A lot of people differ in how they show thatthey care. Some people are emotional- like hugs,  words like, "you're my best friend , thanks." and do things like show their friendship by putting their friend first..where other people can be a bit more distant-not comfy with showing how they feel.  

  

   Could also be that the friend has many more friends and does not put any friend higher then the next, whereas your daughter wants to be that "best friend" the one to tell all too- when the friend goes and tells the secret to another instead.  

  

It's hard to tell with such little information given.  

  

If the friend has good intent and shows their caring and friendship another way-less subtle and is not aware that their behaviour hurts or upsets your daughter, your  daughter may need to talk with the friend  and discuss the situation and how they feel- truth and honesty are very important in any relationship whether its a parent or a friend or a lover.

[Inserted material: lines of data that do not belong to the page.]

definition Bmat :: "(nat \<Rightarrow> nat) \<Rightarrow> (nat \<Rightarrow> nat \<Rightarrow> nat) \<Rightarrow> nat \<Rightarrow> real mat" where
  "Bmat N k l = mat (N l) (N (Suc l)) (\<lambda>(i, p). if in_group k l p i then 1 else 0)"

definition Cmat :: "(nat \<Rightarrow> nat) \<Rightarrow> (nat \<Rightarrow> nat \<Rightarrow> nat) \<Rightarrow> (nat \<Rightarrow> nat \<Rightarrow> nat \<Rightarrow> real) \<Rightarrow> nat \<Rightarrow> real mat" where
  "Cmat N k c l = mat (N (Suc l)) (N l) (\<lambda>(p, i). if in_group k l p i then c l p (i - goff k l p) else 0)"

fun Bprod :: "(nat \<Rightarrow> nat) \<Rightarrow> (nat \<Rightarrow> nat \<Rightarrow> nat) \<Rightarrow> nat \<Rightarrow> real mat" where
  "Bprod N k 0 = 1\<^sub>m (N 1)"
| "Bprod N k (Suc 0) = 1\<^sub>m (N 1)"
| "Bprod N k (Suc (Suc l)) = Bprod N k (Suc l) * Bmat N k (Suc l)"

fun Cprod :: "(nat \<Rightarrow> nat) \<Rightarrow> (nat \<Rightarrow> nat \<Rightarrow> nat) \<Rightarrow> (nat \<Rightarrow> nat \<Rightarrow> nat \<Rightarrow> real) \<Rightarrow> nat \<Rightarrow> real mat" where
  "Cprod N k c 0 = 1\<^sub>m (N 1)"
| "Cprod N k c (Suc 0) = 1\<^sub>m (N 1)"
| "Cprod N k c (Suc (Suc l)) = Cmat N k c (Suc l) * Cprod N k c (Suc l)"

definition Le :: "(nat \<Rightarrow> nat) \<Rightarrow> (nat \<Rightarrow> nat \<Rightarrow> nat) \<Rightarrow> (nat \<Rightarrow> nat \<Rightarrow> nat \<Rightarrow> nat \<Rightarrow> bool)
                  \<Rightarrow> (nat \<Rightarrow> real) \<Rightarrow> nat \<Rightarrow> real mat" where
  "Le N k E a l = Kmat N k a l * LD N k E l"

definition Lmat :: "(nat \<Rightarrow> nat) \<Rightarrow> (nat \<Rightarrow> nat \<Rightarrow> nat) \<Rightarrow> (nat \<Rightarrow> nat \<Rightarrow> nat \<Rightarrow> nat \<Rightarrow> bool)
                  \<Rightarrow> (nat \<Rightarrow> real) \<Rightarrow> (nat \<Rightarrow> nat \<Rightarrow> nat \<Rightarrow> real) \<Rightarrow> nat \<Rightarrow> real mat" where
  "Lmat N k E a c l = Bprod N k l * Le N k E a l * Cprod N k c l"

fun Ltot :: "(nat \<Rightarrow> nat) \<Rightarrow> (nat \<Rightarrow> nat \<Rightarrow> nat) \<Rightarrow> (nat \<Rightarrow> nat \<Rightarrow> nat \<Rightarrow> nat \<Rightarrow> bool)
                  \<Rightarrow> (nat \<Rightarrow> real) \<Rightarrow> (nat \<Rightarrow> nat \<Rightarrow> nat \<Rightarrow> real) \<Rightarrow> nat \<Rightarrow> real mat" where
  "Ltot N k E a c 0 = 0\<^sub>m (N 1) (N 1)"
| "Ltot N k E a c (Suc m) = Ltot N k E a c m + Lmat N k E a c (Suc m)"

definition eigvals :: "real mat \<Rightarrow> complex set" where
  "eigvals A = {z. eigenvalue (map_mat complex_of_real A) z}"

end

theory Submission
  imports Defs
begin

(* For T = X + B S C with C B = 1 and X B = 0 one has
   spec T = spec S \<union> (spec X - {0}) as soon as 0 \<in> spec S: the columns of B carry
   eigenvectors of S to eigenvectors of T (T B = B S), while a left eigenvector y of T
   either satisfies y B = 0, and is then a left eigenvector of X, or yields the left
   eigenvector y B of S; conversely a left eigenvector of X for a nonzero eigenvalue is
   killed by B and is therefore one of T.
   Every L_e^(l) annihilates B^(l) (the rows of a graph Laplacian sum to zero),
   C^(l) B^(l) = 1 (the rows of C^(l) are stochastic), and the total Laplacian is the
   nested sum L_e^(1) + B^(1) (L_e^(2) + B^(2) (...) C^(2)) C^(1), so downward induction
   over the layers gives the union formula; the case X = 0 gives spec L^(l) = spec L_e^(l).
   The spectrum of L_e^(l) = K^(l) L_D^(l) is real because L_D^(l) is symmetric and K^(l)
   is a positive diagonal matrix. *)

section \<open>Lifting spectra\<close>

lemma vec_nonzero_index:
  assumes "v \<in> carrier_vec n" "v \<noteq> 0\<^sub>v n"
  obtains i where "i < n" "v $ i \<noteq> 0"
  using assms by (metis eq_vecI carrier_vecD index_zero_vec)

Either that or  your daughter should pull back a little, not in coldness, but in a loving wau where they are still there for the friend but are not bending over backwards doing things where the other would not do in return.  Behave the way you want to be treated-show the friend how she wants to be treated by treating her that way..but don't act over board like i stated.  

  

That's all I can think of at the moment..Really it is hard to say as I don't know much on the situation..like ages...or how they behave, what the upsets are about..ect 

also like to add, that if the friend is not taking opinions, or what your daughter has to say it may be b.c the truth hurts. Or how is your daughter saying it? words are important in how they are said.Could be it offended her and then in defense told her she was wrong? If not- could be that the friend IS egotistical! The best thing that can be done is a friend to friend heart felt chat about feelings and issues..letter or email or a phone call or face to face to deal with the issues before they grow bigger. If the friend is true, they will listen and understand-Providing it is said with love and good hearted nature-If the friend refuses..then who wants to be friends with someone who does not care back about them? I would leave that friendship. yet it hasn't come down to that. Usually these things sort themselves out.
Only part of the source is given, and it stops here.